Many experts would argue that the market finally realized that FedEx is not what it once was. The company’s fundamentals have been deteriorating in recent years, debt has been piling on and free cash flow has turned negative.
It is not a secret that market prices can move in the opposite direction of the fundamentals for a considerable amounts of time. FedEx is the latest example. However, knowing this did not help investors prepare for the imminent bearish reversal in the stock. The Elliott Wave Principle did, as proven by the chart below, published in mid-2017.
While FedEx stock was trading above $215 a share in June 2017, its weekly chart revealed a troubling picture. The uptrend from the 2009 bottom had taken the shape of a five-wave impulse, whose wave (5) was approaching to its end.

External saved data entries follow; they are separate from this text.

section \<open>Strict vector colourings\<close>

lemma is_graph_finite: "is_graph G \<Longrightarrow> finite (verts G)"
  unfolding is_graph_def by blast

lemma is_graph_adj_verts: "is_graph G \<Longrightarrow> adj G u v \<Longrightarrow> u \<in> verts G \<and> v \<in> verts G"
  unfolding is_graph_def by blast

lemma is_graph_adj_sym: "is_graph G \<Longrightarrow> adj G u v \<Longrightarrow> adj G v u"
  unfolding is_graph_def by blast

lemma is_graph_adj_irrefl: "is_graph G \<Longrightarrow> \<not> adj G u u"
  unfolding is_graph_def by blast

lemma verts_cat_prod [simp]: "verts (cat_prod G H) = verts G \<times> verts H"
  by (simp add: cat_prod_def verts_def)

lemma adj_cat_prod [simp]: "adj (cat_prod G H) p q \<longleftrightarrow> adj G (fst p) (fst q) \<and> adj H (snd p) (snd q)"
  by (simp add: cat_prod_def adj_def case_prod_beta)

lemma strict_vector_coloring_gram:
  assumes "strict_vector_coloring G k d \<phi>"
  shows "v \<in> verts G \<Longrightarrow> gram d \<phi> v v = 1"
    and "adj G u v \<Longrightarrow> gram d \<phi> u v = - 1 / (k - 1)"
  using assms unfolding strict_vector_coloring_def gram_def by (simp_all add: power2_eq_square)

lemma strict_vector_colorable_if_psd:
  assumes G: "is_graph G" and "symmetric_on (verts G) M" "psd_on (verts G) M"
    and diag: "\<And>v. v \<in> verts G \<Longrightarrow> M v v = 1"
    and edge: "\<And>u v. u \<in> verts G \<Longrightarrow> v \<in> verts G \<Longrightarrow> adj G u v \<Longrightarrow> M u v = - 1 / (k - 1)"
  shows "strict_vector_colorable G k"
proof -
  obtain d \<phi> where \<phi>: "\<And>u v. u \<in> verts G \<Longrightarrow> v \<in> verts G \<Longrightarrow> M u v = gram d \<phi> u v"
    using psd_on_imp_gram[OF is_graph_finite[OF G] assms(2,3)] by blast
  define \<phi>' where "\<phi>' v c = (if c < d then \<phi> v c else 0)" for v c
  have gram': "gram d \<phi>' u v = M u v" if "u \<in> verts G" "v \<in> verts G" for u v
    unfolding \<phi>[OF that] gram_def \<phi>'_def by (intro sum.cong) auto
  have "strict_vector_coloring G k d \<phi>'"
    unfolding strict_vector_coloring_def
  proof (intro conjI ballI allI impI)
    fix v assume "v \<in> verts G"
    then show "(\<Sum>c<d. (\<phi>' v c)\<^sup>2) = 1"
      using diag gram' unfolding gram_def by (simp add: power2_eq_square)
  next
    fix u v assume "adj G u v"
    then show "(\<Sum>c<d. \<phi>' u c * \<phi>' v c) = - 1 / (k - 1)"
      using edge gram' is_graph_adj_verts[OF G] unfolding gram_def by metis
  qed (simp add: \<phi>'_def)
  then show ?thesis unfolding strict_vector_colorable_def by blast
qed

lemma strict_vector_colorable_exists:
  assumes G: "is_graph G"
  shows "\<exists>k>1. strict_vector_colorable G k"
proof -
  define n where "n = card (verts G)"
  define t :: real where "t = 1 / (n + 1)"
  define M where "M i j = (1 + t) * of_bool (i = j) + (- t) * 1" for i j :: 'a
  have "psd_on (verts G) M"
    unfolding psd_on_def
  proof
    fix x
    have "quad_form (verts G) M x = (1 + t) * sqnorm (verts G) x - t * (\<Sum>i\<in>verts G. x i)\<^sup>2"
      unfolding M_def quad_form_linear quad_form_rank_one[where y = "\<lambda>_. 1", simplified]
        quad_form_identity[OF is_graph_finite[OF G]] by simp
    moreover have "(\<Sum>i\<in>verts G. x i)\<^sup>2 \<le> n * sqnorm (verts G) x"
      using sum_squared_le_sum_of_squares unfolding n_def sqnorm_def by (metis mult.commute)
    moreover have "t * n \<le> 1 + t" "0 \<le> t" unfolding t_def by (simp_all add: field_simps)
    then have "t * (n * sqnorm (verts G) x) \<le> (1 + t) * sqnorm (verts G) x"
      using mult_right_mono sqnorm_nonneg by (metis mult.assoc)
    ultimately show "0 \<le> quad_form (verts G) M x"
      using mult_left_mono[OF \<open>(\<Sum>i\<in>verts G. x i)\<^sup>2 \<le> _\<close> \<open>0 \<le> t\<close>] by linarith
  qed
  moreover have "symmetric_on (verts G) M" unfolding symmetric_on_def M_def by auto
  ultimately have "strict_vector_colorable G (n + 2)"
    using is_graph_adj_irrefl[OF G]
    by (intro strict_vector_colorable_if_psd[OF G, where M = M]) (auto simp: M_def t_def)
  then show ?thesis by (intro exI[of _ "real (n + 2)"]) simp
qed

lemma strict_vector_colorable_cat_prod_fst:
  assumes "strict_vector_colorable G k"
  shows "strict_vector_colorable (cat_prod G H) k"
proof -
  obtain d \<phi> where "strict_vector_coloring G k d \<phi>"
    using assms unfolding strict_vector_colorable_def by blast
  then have "strict_vector_coloring (cat_prod G H) k d (\<phi> \<circ> fst)"
    unfolding strict_vector_coloring_def by auto
  then show ?thesis unfolding strict_vector_colorable_def by blast
qed

lemma strict_vector_colorable_cat_prod_snd:
  assumes "strict_vector_colorable H k"
  shows "strict_vector_colorable (cat_prod G H) k"
proof -
  obtain d \<phi> where "strict_vector_coloring H k d \<phi>"
    using assms unfolding strict_vector_colorable_def by blast
  then have "strict_vector_coloring (cat_prod G H) k d (\<phi> \<circ> snd)"
    unfolding strict_vector_coloring_def by auto
  then show ?thesis unfolding strict_vector_colorable_def by blast
qed

lemma not_strict_vector_colorable_certificate:
  assumes G: "is_graph G" and "1 < k" and not_colorable: "\<not> strict_vector_colorable G k"
  obtains A v where "symmetric_on (verts G) A"
    and "\<And>i j. i \<in> verts G \<Longrightarrow> j \<in> verts G \<Longrightarrow> \<not> adj G i j \<Longrightarrow> A i j = 0"
    and "\<And>x. - sqnorm (verts G) x \<le> quad_form (verts G) A x"
    and "(k - 1) * sqnorm (verts G) v < quad_form (verts G) A v"
proof -
  let ?V = "verts G"
  define t where "t = 1 / (k - 1)"
  have fin: "finite ?V" using is_graph_finite[OF G] .
  have "\<not> (\<exists>M. symmetric_on ?V M \<and> psd_on ?V M \<and> (\<forall>i\<in>?V. M i i = 1)
      \<and> (\<forall>i\<in>?V. \<forall>j\<in>?V. adj G i j \<longrightarrow> M i j = - t))"
    using not_colorable strict_vector_colorable_if_psd[OF G] unfolding t_def minus_divide_left by blast
  then obtain W where W: "symmetric_on ?V W" "psd_on ?V W"
    and support: "\<And>i j. i \<in> ?V \<Longrightarrow> j \<in> ?V \<Longrightarrow> \<not> adj G i j \<Longrightarrow> i \<noteq> j \<Longrightarrow> W i j = 0"
    and gap: "(\<Sum>i\<in>?V. W i i) < t * (\<Sum>i\<in>?V. \<Sum>j\<in>?V. if i = j then 0 else W i j)"
    using psd_unit_diagonal_infeasible_certificate[where E = "adj G" and t = t,
        OF fin is_graph_adj_sym[OF G] is_graph_adj_irrefl[OF G]]
    by blast
  define A where "A i j = (if i = j then 0 else W i j / (sqrt (W i i) * sqrt (W j j)))" for i j
  define v where "v i = sqrt (W i i)" for i
  have "sqnorm ?V v = (\<Sum>i\<in>?V. W i i)"
    unfolding sqnorm_def v_def using psd_on_diag_nonneg[OF fin W(2)] by simp
  moreover have "quad_form ?V A v = (\<Sum>i\<in>?V. \<Sum>j\<in>?V. if i = j then 0 else W i j)"
    unfolding A_def v_def by (rule psd_on_normalized_offdiag(2)[OF fin W])
  ultimately have "(k - 1) * sqnorm ?V v < quad_form ?V A v"
    using mult_strict_left_mono[OF gap, of "k - 1"] \<open>1 < k\<close> unfolding t_def by simp
  moreover have "- sqnorm ?V x \<le> quad_form ?V A x" for x
    unfolding A_def by (rule psd_on_normalized_offdiag(1)[OF fin W])
  moreover have "symmetric_on ?V A"
    using W(1) unfolding symmetric_on_def A_def by (auto simp: mult.commute)
  moreover have "A i j = 0" if "i \<in> ?V" "j \<in> ?V" "\<not> adj G i j" for i j
    using support that unfolding A_def by auto
  ultimately show ?thesis using that[of A v] by simp
qed

lemma strict_vector_coloring_cat_prod_gram_entry:
  fixes G :: "'a graph" and H :: "'b graph"
  assumes G: "is_graph G" and coloring: "strict_vector_coloring (cat_prod G H) k d \<psi>"
    and A: "\<And>i j. i \<in> verts G \<Longrightarrow> j \<in> verts G \<Longrightarrow> \<not> adj G i j \<Longrightarrow> A i j = 0"
    and B: "\<And>i j. i \<in> verts H \<Longrightarrow> j \<in> verts H \<Longrightarrow> \<not> adj H i j \<Longrightarrow> B i j = 0"
    and "p \<in> verts G \<times> verts H" "q \<in> verts G \<times> verts H"
  shows "gram d \<psi> p q * (A (fst p) (fst q) * B (snd p) (snd q)
      + m * (of_bool (fst p = fst q) * of_bool (snd p = snd q)))
    = - (1 / (k - 1)) * (A (fst p) (fst q) * B (snd p) (snd q))
      + m * (of_bool (fst p = fst q) * of_bool (snd p = snd q))"
proof (cases "p = q")
  case True
  then show ?thesis
    using assms(5) A strict_vector_coloring_gram(1)[OF coloring, of p] is_graph_adj_irrefl[OF G] by auto
next
  case False
  then have "of_bool (fst p = fst q) * of_bool (snd p = snd q) = (0 :: real)" by (auto simp: prod_eq_iff)
  then show ?thesis
    using assms(5,6) A B strict_vector_coloring_gram(2)[OF coloring, of p q]
    by (cases "adj G (fst p) (fst q) \<and> adj H (snd p) (snd q)") auto
qed
lemma lower_points_same_affine_image:
  fixes u u' :: "nat \<Rightarrow> nat" and t1 t2 :: "nat \<Rightarrow> real" and s1 s2 :: "nat \<Rightarrow> int"
  assumes u: "u permutes {0..<3}" and u': "u' permutes {0..<3}" and p: "P > 0"
    and t1: "in_lower P t1" and t2: "in_lower P t2"
    and eq: "\<And>j. j < 3 \<Longrightarrow> t1 (inv u j) - P * of_int (s1 (inv u j)) =
                          t2 (inv u' j) - P * of_int (s2 (inv u' j))"
    and dvd: "3 dvd (s1 0 + s1 1 + s1 2 - (s2 0 + s2 1 + s2 2))"
  shows "u = u'" and "\<forall>m<3. s1 m - s2 m = s1 0 - s2 0"
    and "\<forall>m<3. t1 m - t2 m = P * of_int (s1 0 - s2 0)"
proof -
  define q where "q m = inv u' (u m)" for m
  define k where "k m = s1 m - s2 (q m)" for m
  have q_lt: "q m < 3" if "m < 3" for m
    unfolding q_def using permutes3_inv_lt[OF u' permutes3_lt[OF u that]] .
  have "inj (inv u' \<circ> u)"
    using permutes_inj[OF permutes_inv[OF u']] permutes_inj[OF u] by (rule inj_compose)
  then have "inj q"
    by (simp add: q_def[abs_def] comp_def)
  then have q_ne: "q 0 \<noteq> q 1" "q 0 \<noteq> q 2" "q 1 \<noteq> q 2"
    by (simp_all add: inj_eq)
  have tk: "t1 m - t2 (q m) = P * of_int (k m)" if m: "m < 3" for m
    using eq[OF permutes3_lt[OF u m]]
    by (simp add: permutes_inverses(2)[OF u] q_def k_def algebra_simps)
  have "s2 (q 0) + s2 (q 1) + s2 (q 2) = s2 0 + s2 1 + s2 2"
    using q_lt q_ne by (intro sum3_distinct) simp_all
  then have "3 dvd (k 0 + k 1 + k 2)"
    using dvd by (simp add: k_def algebra_simps)
  then have "q 0 = 0 \<and> q 1 = 1 \<and> q 2 = 2 \<and> k 0 = k 1 \<and> k 1 = k 2"
    using lower_points_congruent_mod_p[OF p _ _ _ q_ne t1 t2 tk] q_lt by simp
  then have q_id: "q m = m" and k_const: "k m = k 0" if "m < 3" for m
    using that less_3_cases[of m] by auto
  show "u = u'"
  proof
    fix m
    show "u m = u' m"
    proof (cases "m < 3")
      case True
      then have "inv u' (u m) = m"
        using q_id by (simp add: q_def)
      then show ?thesis
        by (simp add: permutes_inv_eq[OF u'])
    next
      case False
      then show ?thesis
        using permutes3_fix[OF u] permutes3_fix[OF u'] by simp
    qed
  qed
  show "\<forall>m<3. s1 m - s2 m = s1 0 - s2 0"
  proof (intro allI impI)
    fix m :: nat
    assume "m < 3"
    then show "s1 m - s2 m = s1 0 - s2 0"
      using k_const[of m] q_id[of m] q_id[of 0] by (simp add: k_def)
  qed
  show "\<forall>m<3. t1 m - t2 m = P * of_int (s1 0 - s2 0)"
  proof (intro allI impI)
    fix m :: nat
    assume "m < 3"
    then show "t1 m - t2 m = P * of_int (s1 0 - s2 0)"
      using tk[of m] k_const[of m] q_id[of m] q_id[of 0] by (simp add: k_def)
  qed
qed

section \<open>The decomposition underlying \<open>Trns\<close>\<close>

lemma maps_lower_onto_family:
  fixes L :: "nat \<Rightarrow> nat \<Rightarrow> int"
  obtains U S where "U \<in> Wgrp f" "S \<in> chars f"
    and "\<And>i. i < f \<Longrightarrow> maps_lower_onto (real p) (c i) (U i) (S i)"
    and "\<And>i. i < f \<Longrightarrow> (S i 0 + S i 1 + S i 2) mod 3 = (L i 0 + L i 1 + L i 2) mod 3"
proof -
  have "\<forall>i. \<exists>x. maps_lower_onto (real p) (c i) (fst x) (snd x) \<and>
      (snd x 0 + snd x 1 + snd x 2) mod 3 = (L i 0 + L i 1 + L i 2) mod 3"
    using maps_lower_onto_exists by fastforce
  then obtain X where X: "\<And>i. maps_lower_onto (real p) (c i) (fst (X i)) (snd (X i)) \<and>
      (snd (X i) 0 + snd (X i) 1 + snd (X i) 2) mod 3 = (L i 0 + L i 1 + L i 2) mod 3"
    by metis
  define U where "U i = (if i < f then fst (X i) else id)" for i
  define S where "S i j = (if i < f \<and> j < 3 then snd (X i) j else 0)" for i j
  have U_perm: "U i permutes {0..<3}" for i
    using X[of i] by (auto simp: U_def maps_lower_onto_def)
  show thesis
  proof
    show "U \<in> Wgrp f"
      using U_perm by (auto simp: Wgrp_def U_def)
    show "S \<in> chars f"
      by (rule charsI) (auto simp: S_def)
    fix i
    assume i: "i < f"
    have "maps_lower_onto (real p) (c i) (U i) (S i) = maps_lower_onto (real p) (c i) (U i) (snd (X i))"
      by (rule maps_lower_onto_cong) (auto simp: S_def i U_perm)
    then show "maps_lower_onto (real p) (c i) (U i) (S i)"
      using X[of i] i by (simp add: U_def)
    show "(S i 0 + S i 1 + S i 2) mod 3 = (L i 0 + L i 1 + L i 2) mod 3"
      using X[of i] i by (simp add: S_def)
  qed
qed

lemma rootchars_complement:
  fixes S L :: "nat \<Rightarrow> nat \<Rightarrow> int"
  assumes S: "S \<in> chars f" and L: "L \<in> chars f"
    and sums: "\<And>i. i < f \<Longrightarrow> (S i 0 + S i 1 + S i 2) mod 3 = (L i 0 + L i 1 + L i 2) mod 3"
  obtains a where "a \<in> rootchars f" "bar f (cadd S a) = bar f L"
proof -
  define q where "q i = (L i 0 + L i 1 + L i 2 - (S i 0 + S i 1 + S i 2)) div 3" for i
  define a where "a i j = (if i < f \<and> j < 3 then L i j - S i j - q i else 0)" for i j
  have "a i 0 + a i 1 + a i 2 = 0" if i: "i < f" for i
  proof -
    have "3 dvd (L i 0 + L i 1 + L i 2 - (S i 0 + S i 1 + S i 2))"
      using sums[OF i, symmetric] by (simp only: mod_eq_dvd_iff)
    then have "3 * q i = L i 0 + L i 1 + L i 2 - (S i 0 + S i 1 + S i 2)"
      unfolding q_def by (rule dvd_mult_div_cancel)
    then show ?thesis
      using i by (simp add: a_def)
  qed
  moreover have ac: "a \<in> chars f"
    by (rule charsI) (auto simp: a_def)
  ultimately have "a \<in> rootchars f"
    by (simp add: rootchars_def)
  moreover have "\<forall>i<f. \<forall>j<3. cadd S a i j - L i j = - q i"
    by (simp add: cadd_def a_def)
  then have "bar f (cadd S a) = bar f L"
    using cadd_chars[OF S ac] L by (subst bar_eq_iff) (auto intro!: exI[of _ "\<lambda>i. - q i"])
  ultimately show thesis
    by (rule that)
qed

definition Trns_decomp :: "nat \<Rightarrow> nat \<Rightarrow> (nat \<Rightarrow> nat \<Rightarrow> int) set \<Rightarrow> (nat \<Rightarrow> nat \<Rightarrow> real) set
    \<Rightarrow> (nat \<Rightarrow> nat \<Rightarrow> int) set \<Rightarrow> (nat \<Rightarrow> nat \<Rightarrow> int) set \<Rightarrow> (nat \<Rightarrow> nat \<Rightarrow> nat) \<Rightarrow> bool" where
  "Trns_decomp f p lam C \<omega> \<nu> w \<longleftrightarrow> (w, \<omega>) \<in> Wt1 f p \<and> \<nu> \<in> LamR f \<and> lam = wadd \<omega> \<nu> \<and>
     C = alcimg f p (piW f w) \<omega> (lowA f p)"

definition Trns_rep :: "nat \<Rightarrow> nat \<Rightarrow> (nat \<Rightarrow> nat \<Rightarrow> int) \<Rightarrow> ((nat \<Rightarrow> nat \<Rightarrow> int) set \<Rightarrow> nat \<Rightarrow> nat \<Rightarrow> int)
    \<Rightarrow> (nat \<Rightarrow> nat \<Rightarrow> int) set \<Rightarrow> (nat \<Rightarrow> nat \<Rightarrow> int) set \<Rightarrow> (nat \<Rightarrow> nat \<Rightarrow> nat)
    \<Rightarrow> (nat \<Rightarrow> nat \<Rightarrow> int) set" where
  "Trns_rep f p \<mu> sec \<omega> \<nu> w = qcls f p (dot f p w (cscale (-1) (piCinv f (sec \<omega>)))
     (cadd (cadd (csub \<mu> (eta f)) (can f \<nu>)) (sec \<omega>)))"
fun sub :: "btree \<Rightarrow> bool list \<Rightarrow> btree" where
  "sub t [] = t"
| "sub (Node l r) (False # p) = sub l p"
| "sub (Node l r) (True # p) = sub r p"
| "sub (Leaf a) (b # p) = Leaf a"

inductive tree_iso :: "btree \<Rightarrow> btree \<Rightarrow> bool" where
  "tree_iso (Leaf a) (Leaf a)"
| "tree_iso l l' \<Longrightarrow> tree_iso r r' \<Longrightarrow> tree_iso (Node l r) (Node l' r')"
| "tree_iso l r' \<Longrightarrow> tree_iso r l' \<Longrightarrow> tree_iso (Node l r) (Node l' r')"

definition leaf_pos :: "btree \<Rightarrow> nat \<Rightarrow> bool list" where
  "leaf_pos t i = (THE p. p \<in> pos t \<and> sub t p = Leaf i)"

text \<open>depth of the node at position p is its length; ancestors of p are its prefixes;
  \<open>phi t i j\<close> is the depth of the lowest common ancestor of leaves i and j\<close>
definition phi :: "btree \<Rightarrow> nat \<Rightarrow> nat \<Rightarrow> nat" where
  "phi t i j = Max {length v | v. v \<in> pos t \<and> prefix v (leaf_pos t i) \<and> prefix v (leaf_pos t j)}"

definition Phi :: "btree \<Rightarrow> nat" where
  "Phi t = (\<Sum>(i, j) \<in> {(i, j). i \<in> L t \<and> j \<in> L t \<and> i < j}. phi t i j)"

end

theory Submission imports Defs "HOL-Library.Multiset" begin

(* Phi has a recursive description: the pairs of leaves below the root
   split into pairs inside the left subtree, pairs inside the right subtree (each of
   whose LCA depth grows by one) and pairs across the root (LCA depth 0), so
     Phi (Node l r) = Phi l + Phi r + C(|l|,2) + C(|r|,2).
   Hence Phi = cost, where cost sums C(|L(v)|,2) over all non-root nodes v.  The cost is
   additive under grafting a subtree with the same leaves at a position, and invariant
   under swapping children.  Replacing the cherry-like subtree ((T1,T2),m) of T by
   (T1,(T2,m)) changes the cost by C(x2+1,2) - C(x1+x2,2), which is negative as soon as
   x1 >= 2.  So in a Phi-minimal tree x1 = 1, and then x2 = 1 because 1 <= x2 <= x1. *)

text \<open>A finite set of size k has C(k,2) increasing pairs; this is the contribution of a
  subtree to Phi one level up.\<close>

lemma card_increasing_pairs:
  assumes "finite (A :: nat set)"
  shows "card {(i, j). i \<in> A \<and> j \<in> A \<and> i < j} = card A choose 2"
proof -
  let ?P = "{(i, j). i \<in> A \<and> j \<in> A \<and> i < j}"
  let ?pair_set = "\<lambda>(i :: nat, j). {i, j}"
  have inj: "inj_on ?pair_set ?P"
    by (auto simp: inj_on_def doubleton_eq_iff)
  have "?pair_set ` ?P = {B. B \<subseteq> A \<and> card B = 2}"
  proof (intro equalityI subsetI)
    fix B assume "B \<in> {B. B \<subseteq> A \<and> card B = 2}"
    then obtain x y where B: "B = {x, y}" "x \<noteq> y" "B \<subseteq> A" by (auto simp: card_2_iff)
    then show "B \<in> ?pair_set ` ?P"
    proof (cases "x < y")
      case True
      then show ?thesis using B by (auto intro!: image_eqI[of _ _ "(x, y)"])
    next
      case False
      then show ?thesis using B by (auto intro!: image_eqI[of _ _ "(y, x)"])
    qed
  qed auto
  then show ?thesis
    using card_image[OF inj] n_subsets[OF assms] by simp
qed

lemma finite_pos: "finite (pos t)"
  by (induction t) auto

lemma Nil_in_pos: "[] \<in> pos t"
  by (cases t) auto

lemma leaves_nonempty: "leaves t \<noteq> []"
  by (induction t) auto

lemma leaf_exists: "i \<in> set (leaves t) \<Longrightarrow> \<exists>p \<in> pos t. sub t p = Leaf i"
proof (induction t)
  case (Node l r)
  then consider "i \<in> set (leaves l)" | "i \<in> set (leaves r)" by auto
  then show ?case
  proof cases
    case 1
    then obtain p where "p \<in> pos l" "sub l p = Leaf i" using Node.IH(1) by blast
    then show ?thesis by (auto intro!: bexI[of _ "False # p"])
  next
    case 2
    then obtain p where "p \<in> pos r" "sub r p = Leaf i" using Node.IH(2) by blast
    then show ?thesis by (auto intro!: bexI[of _ "True # p"])
  qed
qed auto

lemma leaves_sub_subset: "p \<in> pos t \<Longrightarrow> set (leaves (sub t p)) \<subseteq> set (leaves t)"
proof (induction t arbitrary: p)
  case (Node l r)
  then show ?case by (cases p) (auto, blast+)
qed auto

lemma leaf_position_unique:
  "\<lbrakk>distinct (leaves t); p \<in> pos t; q \<in> pos t; sub t p = Leaf i; sub t q = Leaf i\<rbrakk> \<Longrightarrow> p = q"
proof (induction t arbitrary: p q)
  case (Node l r)
  from Node.prems(2-5) obtain b p' c q' where pq: "p = b # p'" "q = c # q'"
    by (cases p; cases q) auto
  have "b = c"
  proof (rule ccontr)
    assume "b \<noteq> c"
    then have "i \<in> set (leaves l) \<and> i \<in> set (leaves r)"
      using Node.prems pq leaves_sub_subset[of p' l] leaves_sub_subset[of p' r]
        leaves_sub_subset[of q' l] leaves_sub_subset[of q' r]
      by (cases b) force+
    then show False using Node.prems(1) by auto
  qed
  then show ?case using Node pq by (cases b) auto
qed auto

lemma leaf_pos_eqI: "\<lbrakk>distinct (leaves t); q \<in> pos t; sub t q = Leaf i\<rbrakk> \<Longrightarrow> leaf_pos t i = q"
  unfolding leaf_pos_def by (rule the_equality) (auto intro: leaf_position_unique)

lemma leaf_pos_in_pos:
  "\<lbrakk>distinct (leaves t); i \<in> set (leaves t)\<rbrakk> \<Longrightarrow> leaf_pos t i \<in> pos t \<and> sub t (leaf_pos t i) = Leaf i"
  using leaf_exists leaf_pos_eqI by metis

lemma leaf_pos_left:
  "\<lbrakk>distinct (leaves (Node l r)); i \<in> set (leaves l)\<rbrakk> \<Longrightarrow> leaf_pos (Node l r) i = False # leaf_pos l i"
  using leaf_pos_in_pos[of l i] by (intro leaf_pos_eqI) auto

lemma leaf_pos_right:
  "\<lbrakk>distinct (leaves (Node l r)); i \<in> set (leaves r)\<rbrakk> \<Longrightarrow> leaf_pos (Node l r) i = True # leaf_pos r i"
  using leaf_pos_in_pos[of r i] by (intro leaf_pos_eqI) auto

section \<open>The recursion for phi and Phi\<close>

definition common_depth :: "btree \<Rightarrow> bool list \<Rightarrow> bool list \<Rightarrow> nat" where
  "common_depth t P R = Max {length v | v. v \<in> pos t \<and> prefix v P \<and> prefix v R}"

lemma phi_common_depth: "phi t i j = common_depth t (leaf_pos t i) (leaf_pos t j)"
  unfolding phi_def common_depth_def by simp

The Wave theory states that a three-wave correction follows every impulse, so it made sense to expect a major decline as soon as wave (5) ends. In addition, the company’s performance has been worsening, so caution was advised not only from the technical, but from the fundamental point of view, as well. The two methods of analysis do not always reach the same conclusion, but when they do, it is worth paying attention.
Picking tops is never worth the risk and FedEx is just another example of that fact. The bulls managed to keep the uptrend alive for another $60 per share until they reached the vicinity of $275 in January, 2018. However, they could not defy gravity forever and eventually made way for the bears, who cut the stock price almost in half in less than 12 months. In the end, investors who ignored the Elliott Wave warnings and kept buying only increased their losses.
The bad news is FDX’s woes are unlikely to go away any time soon. The support of wave (4) near $120 a share looks like a reasonable target for wave A of the larger A-B-C zigzag correction we believe is now in progress. Given the bad shape of the company and the bigger picture Elliott Wave outlook, we would not be surprised if this bear market erases all of the post-2009 gains.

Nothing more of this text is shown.